The problem —
Find the word "subst" in the data, then copy each line where it is found.

(Stored items from a collection)
* * * * * * *

text \<open>
  (1) For x < y and z \<notin> {x, y} put (a, b) = (v x z, v z x) and (a', b') = (v y z, v z y).
  Whatever the position of z, the CLC conditions give a' \<le> a and b \<le> b', or b \<le> a and
  a' \<le> b'; either way a' b \<le> a b', which is exactly the comparison of the normalised scores.
  Indirect scores only see which links are positive, and q has the same positive links as v, so
  components and domination agree. If some x of the top component had v x y = 0, then y precedes
  x, and the elements above y that give y no vote form a set U containing x which no positive
  link leaves. Hence U contains the whole top component, and y, which votes positively for
  everything above it, would reach the top component by a positive path, contradicting domination.

  (2) Let a be the first element that gives zero vote to some later element. Condition (iv)
  forces zero votes to propagate from each element to its successor, so every element from a on
  gives zero vote to everything above it, and then also (again by (iv), applied to a and its
  successor) to everything below it. Below a all turnouts are positive by minimality of a.
\<close>

lemma list_exit_index:
  "ps \<noteq> [] \<Longrightarrow> hd ps \<in> U \<Longrightarrow> last ps \<notin> U \<Longrightarrow>
   \<exists>i. Suc i < length ps \<and> ps ! i \<in> U \<and> ps ! Suc i \<notin> U"
proof (induction ps)
  case Nil
  then show ?case by simp
next
  case (Cons a ps)
  show ?case
  proof (cases "ps \<noteq> [] \<and> hd ps \<in> U")
    case True
    then obtain i where "Suc i < length ps" "ps ! i \<in> U" "ps ! Suc i \<notin> U"
      using Cons by auto
    then show ?thesis by (intro exI[of _ "Suc i"]) auto
  next
    case False
    with Cons show ?thesis by (cases ps) auto
  qed
qed

subsection \<open>Paths and indirect scores\<close>

lemma path_in_link_mem:
  assumes "path_in A x y ps" "Suc i < length ps"
  shows "(ps ! i, ps ! Suc i) \<in> set (zip ps (tl ps))"
  using assms unfolding in_set_zip by (intro exI[of _ i]) (auto simp: nth_tl path_in_def)

lemma path_in_link_props:
  assumes "path_in A x y ps" "(a, b) \<in> set (zip ps (tl ps))"
  shows "a \<in> A" "b \<in> A" "a \<noteq> b"
proof -
  obtain i where "i < length (tl ps)" "a = ps ! i" "b = tl ps ! i"
    using assms(2) unfolding in_set_zip by auto
  then have "Suc i < length ps" "a = ps ! i" "b = ps ! Suc i"
    by (auto simp: nth_tl)
  then show "a \<in> A" "b \<in> A" "a \<noteq> b"
    using assms(1) unfolding path_in_def by (auto dest: nth_mem)
qed

lemma path_in_links_nonempty:
  "path_in A x y ps \<Longrightarrow> set (zip ps (tl ps)) \<noteq> {}"
  using path_in_link_mem[of A x y ps 0] by (auto simp: path_in_def)

lemma path_strength_eq_Min:
  "path_strength w ps = Min ((\<lambda>(a, b). w a b) ` set (zip ps (tl ps)))"
  unfolding path_strength_def by simp

lemma path_strength_attained:
  assumes "path_in A x y ps"
  obtains a b where "a \<in> A" "b \<in> A" "a \<noteq> b" "path_strength w ps = w a b"
proof -
  have "path_strength w ps \<in> (\<lambda>(a, b). w a b) ` set (zip ps (tl ps))"
    unfolding path_strength_eq_Min using path_in_links_nonempty[OF assms] by (intro Min_in) auto
  then show ?thesis using that path_in_link_props[OF assms] by fastforce
qed

lemma path_strength_pos_iff:
  "path_in A x y ps \<Longrightarrow> path_strength w ps > 0 \<longleftrightarrow> (\<forall>(a, b) \<in> set (zip ps (tl ps)). w a b > 0)"
  unfolding path_strength_eq_Min by (subst Min_gr_iff) (auto dest: path_in_links_nonempty)

lemma path_strength_le_link:
  "path_in A x y ps \<Longrightarrow> Suc i < length ps \<Longrightarrow> path_strength w ps \<le> w (ps ! i) (ps ! Suc i)"
  unfolding path_strength_eq_Min by (intro Min_le) (force dest: path_in_link_mem)+

lemma path_in_pair:
  "a \<in> A \<Longrightarrow> b \<in> A \<Longrightarrow> a \<noteq> b \<Longrightarrow> path_in A a b [a, b]"
  by (auto simp: path_in_def nth_Cons split: nat.splits)

lemma path_strength_pair: "path_strength w [a, b] = w a b"
  by (simp add: path_strength_def)

lemma finite_path_strengths:
  assumes "finite A"
  shows "finite {path_strength w ps | ps. path_in A x y ps}"
proof (rule finite_subset)
  show "{path_strength w ps | ps. path_in A x y ps} \<subseteq> (\<lambda>(a, b). w a b) ` (A \<times> A)"
    by (force elim: path_strength_attained)
qed (use assms in simp)

lemma path_strength_le_indirect:
  "finite A \<Longrightarrow> path_in A x y ps \<Longrightarrow> path_strength w ps \<le> indirect A w x y"
  unfolding indirect_def by (intro Max_ge finite_path_strengths) auto

lemma le_indirect:
  "finite A \<Longrightarrow> a \<in> A \<Longrightarrow> b \<in> A \<Longrightarrow> a \<noteq> b \<Longrightarrow> w a b \<le> indirect A w a b"
  using path_strength_le_indirect[OF _ path_in_pair] path_strength_pair by metis

lemma indirect_pos_iff:
  assumes "finite A" "path_in A x y ps"
  shows "indirect A w x y > 0 \<longleftrightarrow> (\<exists>ps. path_in A x y ps \<and> path_strength w ps > 0)"
  unfolding indirect_def using finite_path_strengths[OF assms(1)] assms(2)
  by (subst Max_gr_iff) auto

lemma indirect_nonneg:
  assumes "finite A" "path_in A x y ps" "\<forall>a\<in>A. \<forall>b\<in>A. a \<noteq> b \<longrightarrow> w a b \<ge> 0"
  shows "indirect A w x y \<ge> 0"
  using path_strength_le_indirect[OF assms(1,2), of w] assms(3)
  by (metis path_strength_attained[OF assms(2)] order_trans)

text \<open>A path leaving U has a link from U to its complement, and its strength is at most that link.\<close>
lemma indirect_le_0_if_no_exit:
  assumes "finite A" "u \<in> U" "U \<subseteq> A" "l \<in> A - U"
    and no_exit: "\<forall>a\<in>U. \<forall>b\<in>A - U. w a b \<le> 0"
  shows "indirect A w u l \<le> 0"
proof -
  have exit_bound: "path_strength w ps \<le> 0" if ps: "path_in A u l ps" for ps
  proof -
    have "ps \<noteq> []" "hd ps \<in> U" "last ps \<notin> U"
      using ps assms unfolding path_in_def by auto
    then obtain i where i: "Suc i < length ps" "ps ! i \<in> U" "ps ! Suc i \<notin> U"
      using list_exit_index by blast
    have "ps ! Suc i \<in> A"
      using ps i(1) unfolding path_in_def by (auto dest: nth_mem)
    then have "w (ps ! i) (ps ! Suc i) \<le> 0"
      using no_exit i(2,3) by blast
    then show ?thesis
      using path_strength_le_link[OF ps i(1), of w] by linarith
  qed
  have "u \<in> A" "l \<in> A" "u \<noteq> l" using assms by auto
  then have "path_in A u l [u, l]" by (rule path_in_pair)
  then show ?thesis
    unfolding indirect_def using exit_bound finite_path_strengths[OF assms(1)]
    by (subst Max_le_iff) blast+
qed

lemma indirect_pos_cong:
  assumes "finite A"
    and same_pos: "\<forall>a\<in>A. \<forall>b\<in>A. a \<noteq> b \<longrightarrow> (w1 a b > 0 \<longleftrightarrow> w2 a b > 0)"
    and nonneg1: "\<forall>a\<in>A. \<forall>b\<in>A. a \<noteq> b \<longrightarrow> w1 a b \<ge> 0"
    and nonneg2: "\<forall>a\<in>A. \<forall>b\<in>A. a \<noteq> b \<longrightarrow> w2 a b \<ge> 0"
  shows "indirect A w1 x y > 0 \<longleftrightarrow> indirect A w2 x y > 0"
    and "indirect A w1 x y = 0 \<longleftrightarrow> indirect A w2 x y = 0"
proof -
  have "(indirect A w1 x y > 0 \<longleftrightarrow> indirect A w2 x y > 0) \<and>
        (indirect A w1 x y = 0 \<longleftrightarrow> indirect A w2 x y = 0)"
  proof (cases "\<exists>ps. path_in A x y ps")
    case True
    then obtain ps where ps: "path_in A x y ps" by blast
    have "path_strength w1 qs > 0 \<longleftrightarrow> path_strength w2 qs > 0" if "path_in A x y qs" for qs
      using path_strength_pos_iff[OF that] path_in_link_props[OF that] same_pos by fastforce
    then have "indirect A w1 x y > 0 \<longleftrightarrow> indirect A w2 x y > 0"
      using indirect_pos_iff[OF assms(1) ps] by blast
    moreover have "indirect A w1 x y \<ge> 0" "indirect A w2 x y \<ge> 0"
      using indirect_nonneg[OF assms(1) ps] nonneg1 nonneg2 by auto
    ultimately show ?thesis by linarith
  next
    case False
    then show ?thesis by (simp add: indirect_def)
  qed
  then show "indirect A w1 x y > 0 \<longleftrightarrow> indirect A w2 x y > 0"
    and "indirect A w1 x y = 0 \<longleftrightarrow> indirect A w2 x y = 0" by blast+
qed

lemma top_dominant_pos_cong:
  assumes "finite A"
    and "\<forall>a\<in>A. \<forall>b\<in>A. a \<noteq> b \<longrightarrow> (w1 a b > 0 \<longleftrightarrow> w2 a b > 0)"
    and "\<forall>a\<in>A. \<forall>b\<in>A. a \<noteq> b \<longrightarrow> w1 a b \<ge> 0"
    and "\<forall>a\<in>A. \<forall>b\<in>A. a \<noteq> b \<longrightarrow> w2 a b \<ge> 0"
  shows "top_dominant A w1 X \<longleftrightarrow> top_dominant A w2 X"
proof -
  note cong = indirect_pos_cong[OF assms]
  have "irr_rel A w1 = irr_rel A w2"
    unfolding irr_rel_def using cong by auto
  moreover have "dominates A w1 = dominates A w2"
    unfolding dominates_def using cong by (intro ext) blast
  ultimately show ?thesis
    unfolding top_dominant_def irr_components_def comp_dominates_def by simp
qed

lemma top_dominant_subset: "top_dominant A w X \<Longrightarrow> X \<subseteq> A"
  unfolding top_dominant_def irr_components_def irr_rel_def by (auto elim: quotientE)

lemma frac_le_frac_of_cross_le:
  fixes a b a' b' :: real
  assumes "a' * b \<le> a * b'" "a + b > 0" "a' + b' > 0"
  shows "a' / (a' + b') \<le> a / (a + b)" and "b / (a + b) \<le> b' / (a' + b')"
  using assms by (simp_all add: divide_simps algebra_simps)

subsection \<open>Matrices with CLC structure\<close>

locale clc_matrix =
  fixes A :: "'a set" and v :: "'a \<Rightarrow> 'a \<Rightarrow> real" and r :: "'a rel"
  assumes finite: "finite A" and llull: "llull A v" and admissible: "admissible_order A v r"
begin

lemma order_in_A: "(x, y) \<in> r \<Longrightarrow> x \<in> A \<and> y \<in> A"
  using admissible unfolding admissible_order_def by auto

lemma strict_order: "strict_linear_order_on A r"
  using admissible unfolding admissible_order_def by blast

lemma order_irrefl: "(x, x) \<notin> r"
  using strict_order unfolding strict_linear_order_on_def irrefl_def by auto

lemma order_trans: "(x, y) \<in> r \<Longrightarrow> (y, z) \<in> r \<Longrightarrow> (x, z) \<in> r"
  using strict_order unfolding strict_linear_order_on_def trans_def by blast

lemma order_total: "x \<in> A \<Longrightarrow> y \<in> A \<Longrightarrow> x \<noteq> y \<Longrightarrow> (x, y) \<in> r \<or> (y, x) \<in> r"
  using strict_order unfolding strict_linear_order_on_def total_on_def by blast

lemma votes_forward: "(x, y) \<in> r \<Longrightarrow> v y x \<le> v x y"
  using admissible unfolding admissible_order_def by blast

lemma votes_max: "(x, y) \<in> r \<Longrightarrow> (y, z) \<in> r \<Longrightarrow> v x z = max (v x y) (v y z)"
  using admissible unfolding admissible_order_def by blast

lemma votes_min: "(x, y) \<in> r \<Longrightarrow> (y, z) \<in> r \<Longrightarrow> v z x = min (v z y) (v y x)"
  using admissible unfolding admissible_order_def by blast

lemma turnout_succ_le:
  "imm_succ r x x' \<Longrightarrow> z \<in> A \<Longrightarrow> z \<noteq> x \<Longrightarrow> z \<noteq> x' \<Longrightarrow> turnout v x' z \<le> turnout v x z"
  using admissible unfolding admissible_order_def by fastforce

lemma turnout_succ_diff_le_margin:
  "imm_succ r x x' \<Longrightarrow> z \<in> A \<Longrightarrow> z \<noteq> x \<Longrightarrow> z \<noteq> x' \<Longrightarrow>
   turnout v x z - turnout v x' z \<le> margin v x x'"
  using admissible unfolding admissible_order_def by blast

lemma votes_nonneg: "x \<in> A \<Longrightarrow> y \<in> A \<Longrightarrow> x \<noteq> y \<Longrightarrow> 0 \<le> v x y"
  using llull unfolding llull_def by blast

lemma votes_nonneg_order: "(x, y) \<in> r \<Longrightarrow> 0 \<le> v x y" "(x, y) \<in> r \<Longrightarrow> 0 \<le> v y x"
  using votes_nonneg order_in_A order_irrefl by metis+

lemma wf_order: "wf r" and wf_order_converse: "wf (r\<inverse>)"
proof -
  have "r \<subseteq> A \<times> A" using admissible unfolding admissible_order_def by blast
  then have "finite r" using finite finite_subset by blast
  moreover have "acyclic r"
    using order_irrefl trancl_id[of r] order_trans
    unfolding acyclic_irrefl irrefl_def trans_def by metis
  ultimately show "wf r" "wf (r\<inverse>)"
    using finite_acyclic_wf finite_acyclic_wf_converse by blast+
qed

lemma imm_succ_in_order: "imm_succ r x y \<Longrightarrow> (x, y) \<in> r"
  unfolding imm_succ_def by blast

lemma exists_imm_succ:
  assumes "(x, d) \<in> r"
  obtains x' where "imm_succ r x x'"
proof -
  let ?B = "{y. (x, y) \<in> r}"
  obtain m where m: "m \<in> ?B" "\<And>y. (y, m) \<in> r \<Longrightarrow> y \<notin> ?B"
    using wf_order[unfolded wf_eq_minimal, rule_format, of d ?B] assms by auto
  then have "imm_succ r x m" unfolding imm_succ_def by blast
  then show ?thesis using that by blast
qed

lemma exists_imm_pred:
  assumes "(c, d) \<in> r"
  obtains p where "imm_succ r p d" "(c, p) \<in> r\<^sup>="
proof -
  let ?B = "{y. (y, d) \<in> r \<and> (c, y) \<in> r\<^sup>=}"
  obtain m where m: "m \<in> ?B" "\<And>y. (m, y) \<in> r \<Longrightarrow> y \<notin> ?B"
    using wf_order_converse[unfolded wf_eq_minimal, rule_format, of c ?B] assms by auto
  have "imm_succ r m d"
    unfolding imm_succ_def using m order_trans by blast
  then show ?thesis using m that by blast
qed

lemma no_exit_from_zero_column:
  fixes y
  defines "U \<equiv> {u \<in> A. (y, u) \<in> r \<and> v u y = 0}"
  assumes "y \<in> A" "u \<in> U" "l \<in> A - U"
  shows "v u l = 0"
proof -
  have u: "u \<in> A" "(y, u) \<in> r" "v u y = 0" and "u \<noteq> l"
    using assms unfolding U_def by auto
  consider "l = y" | "(l, y) \<in> r" | "(y, l) \<in> r" "(l, u) \<in> r" | "(y, l) \<in> r" "(u, l) \<in> r"
    using order_total assms(2,4) u(1) \<open>u \<noteq> l\<close> by blast
  then show ?thesis
  proof cases
    case 1
    then show ?thesis using u by simp
  next
    case 2
    then show ?thesis using votes_min[OF 2 u(2)] u(3) votes_nonneg_order(2)[OF 2] by simp
  next
    case 3
    then have "v l y > 0"
      using assms(4) votes_nonneg_order(2)[OF 3(1)] unfolding U_def by force
    then show ?thesis
      using votes_min[OF 3] u(3) votes_nonneg[of u l] u(1) assms(4) \<open>u \<noteq> l\<close>
      by (auto simp: min_def split: if_splits)
  next
    case 4
    then have "v l y > 0"
      using assms(4) votes_nonneg_order(2)[OF 4(1)] unfolding U_def by force
    then show ?thesis using votes_min[OF u(2) 4(2)] u(3) by (simp add: min_def split: if_splits)
  qed
qed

* * * * * * *

Answer area —
  unfolding path_strength_eq_Min by (subst Min_gr_iff) (auto dest: path_in_links_nonempty)
  by (subst Max_gr_iff) auto
    by (subst Max_le_iff) blast+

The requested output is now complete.